## Material provided:
********************
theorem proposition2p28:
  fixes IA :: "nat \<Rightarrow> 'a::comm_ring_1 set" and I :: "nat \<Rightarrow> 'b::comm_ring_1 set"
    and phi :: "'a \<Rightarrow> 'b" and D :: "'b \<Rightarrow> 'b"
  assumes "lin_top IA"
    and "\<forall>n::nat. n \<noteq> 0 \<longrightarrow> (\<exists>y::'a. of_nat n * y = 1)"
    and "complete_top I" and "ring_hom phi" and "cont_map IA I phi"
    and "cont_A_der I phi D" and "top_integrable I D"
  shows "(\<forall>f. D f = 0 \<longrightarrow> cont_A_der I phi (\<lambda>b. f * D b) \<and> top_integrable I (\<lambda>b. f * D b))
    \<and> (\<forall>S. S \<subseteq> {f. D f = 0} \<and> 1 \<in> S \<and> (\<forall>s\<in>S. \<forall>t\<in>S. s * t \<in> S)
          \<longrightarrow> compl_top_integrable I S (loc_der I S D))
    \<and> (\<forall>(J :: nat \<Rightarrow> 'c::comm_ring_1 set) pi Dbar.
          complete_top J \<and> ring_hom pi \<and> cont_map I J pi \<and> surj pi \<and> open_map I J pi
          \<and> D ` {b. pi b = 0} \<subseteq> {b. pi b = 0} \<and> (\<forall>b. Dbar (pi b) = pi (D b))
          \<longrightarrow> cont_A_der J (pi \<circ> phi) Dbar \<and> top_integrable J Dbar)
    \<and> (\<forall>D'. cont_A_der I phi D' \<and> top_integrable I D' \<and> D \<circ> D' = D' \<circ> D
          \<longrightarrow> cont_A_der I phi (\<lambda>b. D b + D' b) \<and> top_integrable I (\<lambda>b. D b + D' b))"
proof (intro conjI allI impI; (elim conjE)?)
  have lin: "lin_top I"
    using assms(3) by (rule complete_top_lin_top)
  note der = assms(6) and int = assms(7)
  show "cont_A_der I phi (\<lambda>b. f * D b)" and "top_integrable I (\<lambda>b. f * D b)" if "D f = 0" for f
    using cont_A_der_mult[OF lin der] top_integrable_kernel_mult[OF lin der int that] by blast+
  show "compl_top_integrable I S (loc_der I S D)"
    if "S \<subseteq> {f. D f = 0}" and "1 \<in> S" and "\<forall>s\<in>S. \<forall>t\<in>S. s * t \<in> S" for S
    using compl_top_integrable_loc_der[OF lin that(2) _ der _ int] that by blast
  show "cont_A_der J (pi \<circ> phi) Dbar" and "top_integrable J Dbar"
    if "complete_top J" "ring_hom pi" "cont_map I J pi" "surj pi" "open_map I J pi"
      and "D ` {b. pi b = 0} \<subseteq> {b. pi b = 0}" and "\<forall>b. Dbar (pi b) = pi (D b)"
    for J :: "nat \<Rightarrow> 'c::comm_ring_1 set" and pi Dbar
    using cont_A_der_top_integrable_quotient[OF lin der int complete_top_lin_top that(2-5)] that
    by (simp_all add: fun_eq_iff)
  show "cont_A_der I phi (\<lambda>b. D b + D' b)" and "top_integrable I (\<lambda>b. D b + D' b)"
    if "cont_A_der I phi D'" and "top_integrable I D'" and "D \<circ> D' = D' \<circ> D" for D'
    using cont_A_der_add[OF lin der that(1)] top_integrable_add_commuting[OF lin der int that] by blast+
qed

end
********************
## Task brief:
Exact reproduction of every entry is needed.

## Answer section:
theorem proposition2p28:
  fixes IA :: "nat \<Rightarrow> 'a::comm_ring_1 set" and I :: "nat \<Rightarrow> 'b::comm_ring_1 set"
    and phi :: "'a \<Rightarrow> 'b" and D :: "'b \<Rightarrow> 'b"
  assumes "lin_top IA"
    and "\<forall>n::nat. n \<noteq> 0 \<longrightarrow> (\<exists>y::'a. of_nat n * y = 1)"
    and "complete_top I" and "ring_hom phi" and "cont_map IA I phi"
    and "cont_A_der I phi D" and "top_integrable I D"
  shows "(\<forall>f. D f = 0 \<longrightarrow> cont_A_der I phi (\<lambda>b. f * D b) \<and> top_integrable I (\<lambda>b. f * D b))
    \<and> (\<forall>S. S \<subseteq> {f. D f = 0} \<and> 1 \<in> S \<and> (\<forall>s\<in>S. \<forall>t\<in>S. s * t \<in> S)
          \<longrightarrow> compl_top_integrable I S (loc_der I S D))
    \<and> (\<forall>(J :: nat \<Rightarrow> 'c::comm_ring_1 set) pi Dbar.
          complete_top J \<and> ring_hom pi \<and> cont_map I J pi \<and> surj pi \<and> open_map I J pi
          \<and> D ` {b. pi b = 0} \<subseteq> {b. pi b = 0} \<and> (\<forall>b. Dbar (pi b) = pi (D b))
          \<longrightarrow> cont_A_der J (pi \<circ> phi) Dbar \<and> top_integrable J Dbar)
    \<and> (\<forall>D'. cont_A_der I phi D' \<and> top_integrable I D' \<and> D \<circ> D' = D' \<circ> D
          \<longrightarrow> cont_A_der I phi (\<lambda>b. D b + D' b) \<and> top_integrable I (\<lambda>b. D b + D' b))"
proof (intro conjI allI impI; (elim conjE)?)
  have lin: "lin_top I"
    using assms(3) by (rule complete_top_lin_top)
  note der = assms(6) and int = assms(7)
  show "cont_A_der I phi (\<lambda>b. f * D b)" and "top_integrable I (\<lambda>b. f * D b)" if "D f = 0" for f
    using cont_A_der_mult[OF lin der] top_integrable_kernel_mult[OF lin der int that] by blast+
  show "compl_top_integrable I S (loc_der I S D)"
    if "S \<subseteq> {f. D f = 0}" and "1 \<in> S" and "\<forall>s\<in>S. \<forall>t\<in>S. s * t \<in> S" for S
    using compl_top_integrable_loc_der[OF lin that(2) _ der _ int] that by blast
  show "cont_A_der J (pi \<circ> phi) Dbar" and "top_integrable J Dbar"
    if "complete_top J" "ring_hom pi" "cont_map I J pi" "surj pi" "open_map I J pi"
      and "D ` {b. pi b = 0} \<subseteq> {b. pi b = 0}" and "\<forall>b. Dbar (pi b) = pi (D b)"
    for J :: "nat \<Rightarrow> 'c::comm_ring_1 set" and pi Dbar
    using cont_A_der_top_integrable_quotient[OF lin der int complete_top_lin_top that(2-5)] that
    by (simp_all add: fun_eq_iff)
  show "cont_A_der I phi (\<lambda>b. D b + D' b)" and "top_integrable I (\<lambda>b. D b + D' b)"
    if "cont_A_der I phi D'" and "top_integrable I D'" and "D \<circ> D' = D' \<circ> D" for D'
    using cont_A_der_add[OF lin der that(1)] top_integrable_add_commuting[OF lin der int that] by blast+
qed

end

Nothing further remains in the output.